Mart sonuna kadar devam edecek bir uzatma işletmelerimiz açısından son derece önemli olur. Yeni normale geçiş sürecinde işletmelerimizin buna şiddetle ihtiyacı var. Ücretsiz izin uygulaması ve fesih yasakları da kısa çalışma uygulamasıyla senkronize uygulamalar. Dolayısıyla bu düzenlemelerin yine devam etmesi gerekiyor. Nitekim bütün bu yeni düzenlemeler için Cumhurbaşkanının Haziran 2021 tarihine kadar uzatma yetkisi bulunmakta.
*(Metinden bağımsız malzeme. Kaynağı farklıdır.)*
lemma log_Holder_diff_mult_ln_le:
  fixes g :: "'a::real_normed_vector \<Rightarrow> real"
  assumes local: "\<And>x y. x \<in> S \<Longrightarrow> y \<in> S \<Longrightarrow> \<bar>g x - g y\<bar> \<le> c1 / ln (exp 1 + 1 / norm (x - y))"
    and c1: "0 \<le> c1" and x: "x \<in> ball c r \<inter> S" and y: "y \<in> ball c r \<inter> S"
  shows "(g x - g y) * ln (exp 1 + 1 / (2 * r)) \<le> c1"
proof (cases "x = y")
  case False
  have "dist c x < r" using x by simp
  then have r: "0 < r" using zero_le_dist[of c x] by linarith
  have "norm (x - y) < 2 * r"
    using x y dist_triangle_less_add[of x c r y r] by (simp add: dist_norm norm_minus_commute)
  then have "\<bar>g x - g y\<bar> * ln (exp 1 + 1 / (2 * r)) \<le> c1"
    using local x y False r by (intro abs_mult_ln_exp1_add_le) (auto intro!: divide_left_mono)
  moreover have "0 \<le> ln (exp 1 + 1 / (2 * r))"
    using one_le_ln_exp1_add[of "1 / (2 * r)"] r by simp
  then have "(g x - g y) * ln (exp 1 + 1 / (2 * r)) \<le> \<bar>g x - g y\<bar> * ln (exp 1 + 1 / (2 * r))"
    by (intro mult_right_mono) auto
  ultimately show ?thesis by linarith
qed (simp add: c1)
(* Let $m\ge 1$, $n=3m$, and $t\ge 2$. Put $X_t=G_{n,t}\setminus a_{t-1}$ and $Y_t=X_t\setminus a_{t-2}$. Then $I(X_t)\simeq I(Y_t)$.
   Context: For a finite simple graph $G$, $I(G)$ is its independence complex (simplicial complex on $V(G)$ whose simplices are the independent sets); $G\setminus v$ is the induced subgraph on $V(G)\setminus\{v\}$. For integers $n\ge 2$, $t\ge 0$, the graph $G_{n,t}$ has vertex set $\{a_0,\dots,a_t\}\cup\{b_{i,j},c_{i,j}: 1\le i\le t,\ 1\le j\le n-1\}$, and its edges are exactly: $b_{i,j}\sim b_{i,j+1}$ and $c_{i,j}\sim c_{i,j+1}$ for $1\le i\le t$, $1\le j\le n-2$; $b_{i,n-1}\sim b_{i+1,1}$ and $c_{i,n-1}\sim c_{i+1,1}$ for $1\le i\le t-1$; and $a_{i-1}\sim b_{i,1}$, $a_{i-1}\sim c_{i,1}$, $a_i\sim b_{i,n-1}$, $a_i\sim c_{i,n-1}$ for $1\le i\le t$. *)

theory Defs
  imports "HOL-Analysis.Analysis"
begin

text \<open>Finite simple graphs are given as a pair (vertex set, edge relation).
  Only edges between vertices of the vertex set are relevant.\<close>

type_synonym 'a graph = "'a set \<times> ('a \<Rightarrow> 'a \<Rightarrow> bool)"

definition verts :: "'a graph \<Rightarrow> 'a set" where "verts G = fst G"
definition adj :: "'a graph \<Rightarrow> 'a \<Rightarrow> 'a \<Rightarrow> bool" where
  "adj G x y = (x \<in> verts G \<and> y \<in> verts G \<and> snd G x y)"

definition del_vertex :: "'a graph \<Rightarrow> 'a \<Rightarrow> 'a graph" where
  "del_vertex G v = (verts G - {v}, \<lambda>x y. x \<noteq> v \<and> y \<noteq> v \<and> adj G x y)"

definition indep_complex :: "'a graph \<Rightarrow> 'a set set" where
  "indep_complex G = {S. finite S \<and> S \<subseteq> verts G \<and> (\<forall>x\<in>S. \<forall>y\<in>S. \<not> adj G x y)}"

text \<open>Geometric realization of a simplicial complex K on a finite vertex set V:
  barycentric-coordinate functions V \<rightarrow> [0,1] summing to 1 whose support is a simplex,
  with the subspace topology of the product topology on R^V.\<close>
definition geom_real :: "'a set \<Rightarrow> 'a set set \<Rightarrow> ('a \<Rightarrow> real) topology" where
  "geom_real V K = subtopology (powertop_real V)
     {f \<in> topspace (powertop_real V). (\<forall>v\<in>V. 0 \<le> f v) \<and> sum f V = 1 \<and> {v\<in>V. f v \<noteq> 0} \<in> K}"

definition ind_space :: "'a graph \<Rightarrow> ('a \<Rightarrow> real) topology" where
  "ind_space G = geom_real (verts G) (indep_complex G)"

datatype vtx = A nat | B nat nat | C nat nat

definition G_verts :: "nat \<Rightarrow> nat \<Rightarrow> vtx set" where
  "G_verts n t = {A i | i. i \<le> t} \<union> {B i j | i j. 1 \<le> i \<and> i \<le> t \<and> 1 \<le> j \<and> j \<le> n - 1}
     \<union> {C i j | i j. 1 \<le> i \<and> i \<le> t \<and> 1 \<le> j \<and> j \<le> n - 1}"

definition G_edge0 :: "nat \<Rightarrow> nat \<Rightarrow> vtx \<Rightarrow> vtx \<Rightarrow> bool" where
  "G_edge0 n t x y \<longleftrightarrow>
     (\<exists>i j. 1 \<le> i \<and> i \<le> t \<and> 1 \<le> j \<and> j \<le> n - 2 \<and>
        ((x = B i j \<and> y = B i (j+1)) \<or> (x = C i j \<and> y = C i (j+1)))) \<or>
     (\<exists>i. 1 \<le> i \<and> i \<le> t - 1 \<and>
        ((x = B i (n-1) \<and> y = B (i+1) 1) \<or> (x = C i (n-1) \<and> y = C (i+1) 1))) \<or>
     (\<exists>i. 1 \<le> i \<and> i \<le> t \<and>
        ((x = A (i-1) \<and> y = B i 1) \<or> (x = A (i-1) \<and> y = C i 1) \<or>
         (x = A i \<and> y = B i (n-1)) \<or> (x = A i \<and> y = C i (n-1))))"

definition G_graph :: "nat \<Rightarrow> nat \<Rightarrow> vtx graph" where
  "G_graph n t = (G_verts n t, \<lambda>x y. G_edge0 n t x y \<or> G_edge0 n t y x)"

end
Bir diğer konu da uzaktan çalışma. Salgın döneminde uzaktan çalışmalar yaygınlaştı. İşletmeler uzaktan çalışmaya alıştılar. Hatta birçok özel sektör işletmesi salgın sonrasında bile uzaktan çalışmaya geçeceğini şimdiden ilan ettiler. Bu nedenle Aile, Çalışma ve Sosyal Hizmetler Bakanlığı’nın gündeminde olan ve neredeyse çalışması tamamlanmış olan “Uzaktan Çalışma Yönetmeliğinin” bir an önce hayatımıza girmesidir. Bu yönetmelikle hem çalışanlar hem de işletmeler açısından gri alanlar ortadan kalkacaktır.
 

Fiilen çalıştırılıyor

Türk  İş Mali Sekreteri ve Yol  İş Başkanı Ramazan Ağar, kısa çalışmanın devam etmesini koşullu olarak isteyenlerden. Ağar, kısa çalışma içerisinde gösterilen işçilerin özellikle inşaat sektöründe fiilen çalıştırıldıklarını, bu durumun emek sömürüsü haline geldiğini söylüyor. Ayrıca Başkan Ağar, salgın döneminde değişiklik yapılan “ücretsiz izin” uygulamasında, çalışanın onayının alınmaması durumunun geçici bir düzenleme olması gerektiğini belirtiyor. Normal döneme geçildiğinde ücretsiz izin uygulamasında muhakkak çalışanın onayının isteneceği eski düzenlemenin tekrar hayata geçirilmesini savunuyor.
 

Aynı gemideyiz

Ramazan Ağar, görüşmemizde ayrıca şu hususlara da yer verdi:

“Bir an önce Kovid-19 sağlık çalışanları için meslek hastalığı, diğer işkolları ve işyerlerinde çalışanlar için iş kazası sayılmalıdır. Pandemi sürecinde işten çıkarma yasağı tam anlamıyla uygulanamamaktadır. Ücretsiz izne çıkarılan 2 milyonun üzerindeki çalışana aylık ödenen miktar sadece 1.420 lira olmuştur. Öte yandan kısa çalışma ödeneğinden işini kaybeden tüm işçilerin yararlandığını da söylemek de mümkün değildir. Bu noktada daha geniş bir düzenleme yapılmalıdır. Sendikalar çağdaş demokrasinin, sosyal adaletin ve gelişkin ekonominin vazgeçilmez kurumlarıdır. Küresel krizler çağında sendikaların yeni normali, temel insan haklarının, işçi hak ve özgürlüklerinin sağlandığı adil bir dünya olmalıdır. Bu çerçevede sendikal mücadele, çalışanlara iş sağlığı ve güvenliğinin sağlanması; ücretlerin, istihdamın, örgütlenmenin korunması ve geliştirilmesi; cinsiyet eşitliğinin sağlanması ve kadına şiddetin sona erdirilmesi, yaşanabilir bir çevrenin, üretilebilir bir tarımın yaratılması ve kamu kurumlarının yeniden güçlendirilmesi yönündeki mücadeleyi kapsamalıdır. Biz bu yaklaşım çerçevesinde mücadelemizi sürdüreceğiz. Ülke olarak, millet olarak, işçi-işveren-devlet olarak aynı gemideyiz. Aynı gemide isek ülkemizi, çalışma hayatını ve sosyal tarafları ilgilendiren bu sorunları ortak çözmek için sorunlarımızı ve çözüm yollarımızı birlikte konuşmak durumundayız. Bu noktada Ekonomik ve Sosyal Konsey, bir sosyal diyalog zemini ve aracı olarak, sorunlarımızı ve çözüm yollarını konuşabileceğimiz bir diyalog platformu ve bir danışma organı olarak işlev görebilir, görmelidir.”